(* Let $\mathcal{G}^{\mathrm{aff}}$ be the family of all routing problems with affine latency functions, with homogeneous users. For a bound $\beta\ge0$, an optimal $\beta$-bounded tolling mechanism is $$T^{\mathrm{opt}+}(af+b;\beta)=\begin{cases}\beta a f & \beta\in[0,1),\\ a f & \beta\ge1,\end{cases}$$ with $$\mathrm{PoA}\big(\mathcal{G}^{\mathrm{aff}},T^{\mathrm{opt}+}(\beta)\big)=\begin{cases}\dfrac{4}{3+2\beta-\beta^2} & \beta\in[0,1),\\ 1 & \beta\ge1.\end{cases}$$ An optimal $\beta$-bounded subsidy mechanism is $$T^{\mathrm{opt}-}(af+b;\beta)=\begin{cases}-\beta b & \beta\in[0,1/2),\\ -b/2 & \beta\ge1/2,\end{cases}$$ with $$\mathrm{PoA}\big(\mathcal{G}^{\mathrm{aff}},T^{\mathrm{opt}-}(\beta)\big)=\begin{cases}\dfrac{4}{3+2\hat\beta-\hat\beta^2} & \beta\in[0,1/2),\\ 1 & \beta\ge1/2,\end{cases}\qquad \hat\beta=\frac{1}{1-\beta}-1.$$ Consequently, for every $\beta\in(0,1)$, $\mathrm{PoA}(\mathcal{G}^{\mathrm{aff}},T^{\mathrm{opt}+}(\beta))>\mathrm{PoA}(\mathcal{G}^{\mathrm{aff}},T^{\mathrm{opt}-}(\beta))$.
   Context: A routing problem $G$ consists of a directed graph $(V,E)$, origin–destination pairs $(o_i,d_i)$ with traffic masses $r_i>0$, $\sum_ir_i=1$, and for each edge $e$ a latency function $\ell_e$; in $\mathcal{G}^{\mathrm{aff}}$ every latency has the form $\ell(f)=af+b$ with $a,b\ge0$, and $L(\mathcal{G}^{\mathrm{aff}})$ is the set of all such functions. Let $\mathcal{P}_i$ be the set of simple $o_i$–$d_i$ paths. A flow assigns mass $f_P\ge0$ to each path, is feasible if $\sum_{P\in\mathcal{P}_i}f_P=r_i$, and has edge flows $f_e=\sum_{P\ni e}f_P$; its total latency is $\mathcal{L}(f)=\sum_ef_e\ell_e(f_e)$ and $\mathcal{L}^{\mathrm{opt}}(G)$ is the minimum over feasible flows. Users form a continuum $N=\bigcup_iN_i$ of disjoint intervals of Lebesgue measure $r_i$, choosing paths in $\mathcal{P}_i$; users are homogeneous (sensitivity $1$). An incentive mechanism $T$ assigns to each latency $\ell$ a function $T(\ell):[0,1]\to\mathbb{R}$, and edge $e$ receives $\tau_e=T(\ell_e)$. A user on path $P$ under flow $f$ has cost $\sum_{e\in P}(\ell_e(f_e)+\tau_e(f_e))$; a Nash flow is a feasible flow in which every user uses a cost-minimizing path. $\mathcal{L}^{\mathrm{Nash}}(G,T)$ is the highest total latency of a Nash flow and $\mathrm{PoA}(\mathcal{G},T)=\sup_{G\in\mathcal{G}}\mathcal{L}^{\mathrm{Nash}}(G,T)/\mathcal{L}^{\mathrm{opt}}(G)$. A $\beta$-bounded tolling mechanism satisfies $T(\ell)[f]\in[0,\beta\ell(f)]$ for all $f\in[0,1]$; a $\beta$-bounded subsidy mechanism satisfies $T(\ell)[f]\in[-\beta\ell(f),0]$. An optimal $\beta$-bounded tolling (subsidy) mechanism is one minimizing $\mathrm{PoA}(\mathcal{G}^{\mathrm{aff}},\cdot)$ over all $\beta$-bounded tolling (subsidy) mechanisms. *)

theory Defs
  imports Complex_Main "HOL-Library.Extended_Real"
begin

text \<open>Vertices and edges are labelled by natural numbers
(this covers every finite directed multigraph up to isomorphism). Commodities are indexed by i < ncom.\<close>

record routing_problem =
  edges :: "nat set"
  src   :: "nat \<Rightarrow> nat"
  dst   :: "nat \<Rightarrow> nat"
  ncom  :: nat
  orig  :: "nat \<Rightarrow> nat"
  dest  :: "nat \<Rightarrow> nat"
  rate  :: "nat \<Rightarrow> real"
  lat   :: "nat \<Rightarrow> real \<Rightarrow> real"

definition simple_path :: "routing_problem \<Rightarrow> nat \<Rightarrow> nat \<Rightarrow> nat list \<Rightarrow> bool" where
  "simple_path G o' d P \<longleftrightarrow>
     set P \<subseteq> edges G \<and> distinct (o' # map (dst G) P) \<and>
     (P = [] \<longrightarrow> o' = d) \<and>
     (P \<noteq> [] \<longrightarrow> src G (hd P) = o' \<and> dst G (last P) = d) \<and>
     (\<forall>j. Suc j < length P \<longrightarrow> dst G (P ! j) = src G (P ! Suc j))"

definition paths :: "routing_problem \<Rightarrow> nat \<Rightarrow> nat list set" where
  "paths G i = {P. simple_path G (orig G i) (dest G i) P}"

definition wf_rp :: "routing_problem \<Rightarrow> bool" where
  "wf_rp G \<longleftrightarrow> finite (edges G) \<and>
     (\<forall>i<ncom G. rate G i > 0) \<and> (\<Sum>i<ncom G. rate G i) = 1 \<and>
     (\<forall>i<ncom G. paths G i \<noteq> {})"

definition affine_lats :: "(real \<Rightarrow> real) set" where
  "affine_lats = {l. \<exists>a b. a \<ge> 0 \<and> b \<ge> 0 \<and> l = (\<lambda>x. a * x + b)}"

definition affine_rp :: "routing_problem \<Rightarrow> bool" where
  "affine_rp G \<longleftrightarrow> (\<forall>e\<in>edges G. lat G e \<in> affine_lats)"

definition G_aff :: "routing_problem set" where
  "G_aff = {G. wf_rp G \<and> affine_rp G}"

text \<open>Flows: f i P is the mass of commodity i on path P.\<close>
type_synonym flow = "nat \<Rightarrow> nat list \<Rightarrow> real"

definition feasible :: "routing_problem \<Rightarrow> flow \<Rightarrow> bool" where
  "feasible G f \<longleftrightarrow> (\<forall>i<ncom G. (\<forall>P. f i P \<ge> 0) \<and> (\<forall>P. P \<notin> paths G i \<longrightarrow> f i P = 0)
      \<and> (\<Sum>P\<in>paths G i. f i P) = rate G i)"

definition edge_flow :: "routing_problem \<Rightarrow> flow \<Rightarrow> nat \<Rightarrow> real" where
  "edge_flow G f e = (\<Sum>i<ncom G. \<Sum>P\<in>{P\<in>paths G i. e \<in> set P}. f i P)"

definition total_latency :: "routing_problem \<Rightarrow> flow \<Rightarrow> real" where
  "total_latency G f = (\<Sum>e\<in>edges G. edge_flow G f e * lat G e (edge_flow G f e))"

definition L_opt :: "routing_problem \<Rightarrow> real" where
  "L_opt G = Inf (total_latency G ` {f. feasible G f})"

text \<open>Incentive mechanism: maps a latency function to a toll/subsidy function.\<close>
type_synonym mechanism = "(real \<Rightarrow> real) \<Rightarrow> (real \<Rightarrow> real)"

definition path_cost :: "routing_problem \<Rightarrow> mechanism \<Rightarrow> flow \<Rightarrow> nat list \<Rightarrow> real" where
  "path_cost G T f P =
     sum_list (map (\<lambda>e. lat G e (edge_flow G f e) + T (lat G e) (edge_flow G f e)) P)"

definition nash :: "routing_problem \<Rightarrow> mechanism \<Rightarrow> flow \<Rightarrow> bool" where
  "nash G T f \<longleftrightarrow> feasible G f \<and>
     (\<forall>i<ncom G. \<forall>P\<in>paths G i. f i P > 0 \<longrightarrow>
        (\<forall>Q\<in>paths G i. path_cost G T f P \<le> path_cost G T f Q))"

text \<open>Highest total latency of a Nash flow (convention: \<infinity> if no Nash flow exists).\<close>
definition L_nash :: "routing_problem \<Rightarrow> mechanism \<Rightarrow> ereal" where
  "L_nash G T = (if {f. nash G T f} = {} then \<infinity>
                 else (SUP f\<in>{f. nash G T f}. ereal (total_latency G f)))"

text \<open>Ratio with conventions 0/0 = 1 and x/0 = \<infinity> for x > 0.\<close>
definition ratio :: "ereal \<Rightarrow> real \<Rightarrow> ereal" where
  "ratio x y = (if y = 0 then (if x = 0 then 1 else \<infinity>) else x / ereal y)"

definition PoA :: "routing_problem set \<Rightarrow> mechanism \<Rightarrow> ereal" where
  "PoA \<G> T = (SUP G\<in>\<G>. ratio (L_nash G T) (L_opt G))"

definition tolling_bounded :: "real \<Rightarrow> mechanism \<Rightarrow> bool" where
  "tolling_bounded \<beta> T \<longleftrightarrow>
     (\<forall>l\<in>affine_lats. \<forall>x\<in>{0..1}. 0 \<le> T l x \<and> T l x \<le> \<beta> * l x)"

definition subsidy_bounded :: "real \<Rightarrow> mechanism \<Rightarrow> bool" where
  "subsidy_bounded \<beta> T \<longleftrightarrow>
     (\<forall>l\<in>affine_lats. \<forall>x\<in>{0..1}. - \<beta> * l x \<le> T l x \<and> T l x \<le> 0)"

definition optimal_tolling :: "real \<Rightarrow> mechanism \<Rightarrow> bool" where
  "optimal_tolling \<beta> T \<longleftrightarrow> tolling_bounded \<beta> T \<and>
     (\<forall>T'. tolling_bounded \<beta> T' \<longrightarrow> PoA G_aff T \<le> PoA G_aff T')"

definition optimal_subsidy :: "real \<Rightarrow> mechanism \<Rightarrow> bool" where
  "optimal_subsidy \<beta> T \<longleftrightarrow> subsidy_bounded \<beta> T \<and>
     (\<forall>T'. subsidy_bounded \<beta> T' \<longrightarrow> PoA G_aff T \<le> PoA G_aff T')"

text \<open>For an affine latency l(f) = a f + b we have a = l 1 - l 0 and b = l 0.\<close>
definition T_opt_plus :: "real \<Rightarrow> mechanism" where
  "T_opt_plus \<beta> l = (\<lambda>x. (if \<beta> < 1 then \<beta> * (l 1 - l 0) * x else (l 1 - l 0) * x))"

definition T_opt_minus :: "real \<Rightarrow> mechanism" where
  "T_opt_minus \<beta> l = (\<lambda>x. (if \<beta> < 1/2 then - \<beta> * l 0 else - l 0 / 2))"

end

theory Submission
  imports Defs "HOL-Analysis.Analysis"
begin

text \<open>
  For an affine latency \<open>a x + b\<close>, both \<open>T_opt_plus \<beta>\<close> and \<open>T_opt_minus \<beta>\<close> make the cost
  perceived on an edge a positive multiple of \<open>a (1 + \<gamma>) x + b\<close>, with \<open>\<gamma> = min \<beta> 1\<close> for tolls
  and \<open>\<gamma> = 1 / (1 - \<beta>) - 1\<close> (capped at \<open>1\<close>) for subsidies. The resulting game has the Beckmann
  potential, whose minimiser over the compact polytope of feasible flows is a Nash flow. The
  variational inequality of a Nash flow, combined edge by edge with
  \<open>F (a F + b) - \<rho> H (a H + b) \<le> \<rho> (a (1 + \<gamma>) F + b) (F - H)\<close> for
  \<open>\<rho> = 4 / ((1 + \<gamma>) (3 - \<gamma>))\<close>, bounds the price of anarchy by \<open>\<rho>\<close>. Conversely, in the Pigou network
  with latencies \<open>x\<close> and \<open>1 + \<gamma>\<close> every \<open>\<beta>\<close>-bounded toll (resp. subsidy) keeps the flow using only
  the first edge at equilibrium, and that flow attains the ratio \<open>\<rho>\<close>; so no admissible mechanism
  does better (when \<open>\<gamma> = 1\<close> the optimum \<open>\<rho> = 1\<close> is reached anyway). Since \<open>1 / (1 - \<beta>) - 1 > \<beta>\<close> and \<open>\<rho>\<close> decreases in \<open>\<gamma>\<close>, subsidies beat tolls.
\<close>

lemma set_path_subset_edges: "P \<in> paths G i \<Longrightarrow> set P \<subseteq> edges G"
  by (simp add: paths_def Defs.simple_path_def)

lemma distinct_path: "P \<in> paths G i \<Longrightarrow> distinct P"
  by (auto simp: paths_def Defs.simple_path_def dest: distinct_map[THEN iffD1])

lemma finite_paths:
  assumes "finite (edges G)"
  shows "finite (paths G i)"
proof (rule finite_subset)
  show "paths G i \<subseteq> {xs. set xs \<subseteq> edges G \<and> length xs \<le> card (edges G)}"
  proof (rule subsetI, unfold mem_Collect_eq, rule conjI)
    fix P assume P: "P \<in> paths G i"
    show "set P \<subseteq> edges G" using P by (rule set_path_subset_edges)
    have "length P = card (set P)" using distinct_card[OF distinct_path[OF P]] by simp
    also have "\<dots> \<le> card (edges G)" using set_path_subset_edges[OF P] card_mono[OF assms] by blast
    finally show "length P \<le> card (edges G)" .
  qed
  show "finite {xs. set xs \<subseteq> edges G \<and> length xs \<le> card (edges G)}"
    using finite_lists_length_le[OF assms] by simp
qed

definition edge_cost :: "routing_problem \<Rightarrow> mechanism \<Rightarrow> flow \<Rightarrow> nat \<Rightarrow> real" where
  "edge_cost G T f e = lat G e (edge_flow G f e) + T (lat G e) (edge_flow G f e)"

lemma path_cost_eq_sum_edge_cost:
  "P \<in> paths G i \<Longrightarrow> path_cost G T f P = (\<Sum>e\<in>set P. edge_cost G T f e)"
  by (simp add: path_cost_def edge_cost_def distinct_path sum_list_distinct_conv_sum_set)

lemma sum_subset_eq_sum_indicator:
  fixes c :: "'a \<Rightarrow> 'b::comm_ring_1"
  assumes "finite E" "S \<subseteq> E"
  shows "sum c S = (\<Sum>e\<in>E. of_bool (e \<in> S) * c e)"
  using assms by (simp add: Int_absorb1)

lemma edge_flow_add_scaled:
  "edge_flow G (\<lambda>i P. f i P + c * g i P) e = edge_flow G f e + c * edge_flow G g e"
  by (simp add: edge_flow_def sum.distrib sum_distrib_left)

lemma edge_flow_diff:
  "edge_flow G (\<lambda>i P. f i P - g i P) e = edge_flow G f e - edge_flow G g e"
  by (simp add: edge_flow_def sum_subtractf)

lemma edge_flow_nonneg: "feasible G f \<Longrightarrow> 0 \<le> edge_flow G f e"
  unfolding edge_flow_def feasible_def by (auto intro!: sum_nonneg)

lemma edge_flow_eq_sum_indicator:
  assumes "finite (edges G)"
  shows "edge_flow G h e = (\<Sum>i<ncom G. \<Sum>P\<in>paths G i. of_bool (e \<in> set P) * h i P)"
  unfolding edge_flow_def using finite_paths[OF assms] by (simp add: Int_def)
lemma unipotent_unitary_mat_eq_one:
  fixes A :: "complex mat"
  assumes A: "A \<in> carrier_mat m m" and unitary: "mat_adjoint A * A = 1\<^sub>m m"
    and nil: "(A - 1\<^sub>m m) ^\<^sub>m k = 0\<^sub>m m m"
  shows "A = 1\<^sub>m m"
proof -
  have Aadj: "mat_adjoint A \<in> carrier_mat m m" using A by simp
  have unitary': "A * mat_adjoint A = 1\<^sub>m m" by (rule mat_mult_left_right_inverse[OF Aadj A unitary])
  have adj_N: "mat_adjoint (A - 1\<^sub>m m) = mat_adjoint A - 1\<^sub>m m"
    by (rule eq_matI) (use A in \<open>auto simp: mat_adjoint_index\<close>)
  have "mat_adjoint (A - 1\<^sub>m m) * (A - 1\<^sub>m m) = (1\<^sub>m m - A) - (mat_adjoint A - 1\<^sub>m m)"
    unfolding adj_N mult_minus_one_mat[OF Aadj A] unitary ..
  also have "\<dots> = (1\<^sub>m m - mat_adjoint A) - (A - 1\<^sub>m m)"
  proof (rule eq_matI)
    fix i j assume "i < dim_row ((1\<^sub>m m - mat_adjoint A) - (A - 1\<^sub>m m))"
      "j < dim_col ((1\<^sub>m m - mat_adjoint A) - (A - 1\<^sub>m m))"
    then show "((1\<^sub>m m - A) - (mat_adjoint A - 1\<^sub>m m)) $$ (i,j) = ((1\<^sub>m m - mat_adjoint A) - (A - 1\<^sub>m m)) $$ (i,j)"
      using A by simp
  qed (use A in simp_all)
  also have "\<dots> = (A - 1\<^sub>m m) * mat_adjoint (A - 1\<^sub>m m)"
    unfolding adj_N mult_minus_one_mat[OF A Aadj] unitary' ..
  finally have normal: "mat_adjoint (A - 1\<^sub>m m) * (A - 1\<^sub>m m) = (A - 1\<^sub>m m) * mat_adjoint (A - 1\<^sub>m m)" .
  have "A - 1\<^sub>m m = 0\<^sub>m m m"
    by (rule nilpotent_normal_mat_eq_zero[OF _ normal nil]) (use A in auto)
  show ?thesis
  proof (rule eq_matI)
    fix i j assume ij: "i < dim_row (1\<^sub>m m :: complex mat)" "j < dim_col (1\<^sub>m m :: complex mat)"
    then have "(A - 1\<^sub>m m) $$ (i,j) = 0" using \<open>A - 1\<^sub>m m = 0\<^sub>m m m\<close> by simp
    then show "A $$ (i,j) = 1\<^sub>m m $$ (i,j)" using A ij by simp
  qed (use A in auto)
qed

★ ★ ★ ★ ★ ★ ★

- _What to produce_
I need each line of the entries that holds the string "dots" located and copied.

- _Expected output_
    also have "\<dots> \<le> card (edges G)" using set_path_subset_edges[OF P] card_mono[OF assms] by blast
  also have "\<dots> = (1\<^sub>m m - mat_adjoint A) - (A - 1\<^sub>m m)"
  also have "\<dots> = (A - 1\<^sub>m m) * mat_adjoint (A - 1\<^sub>m m)"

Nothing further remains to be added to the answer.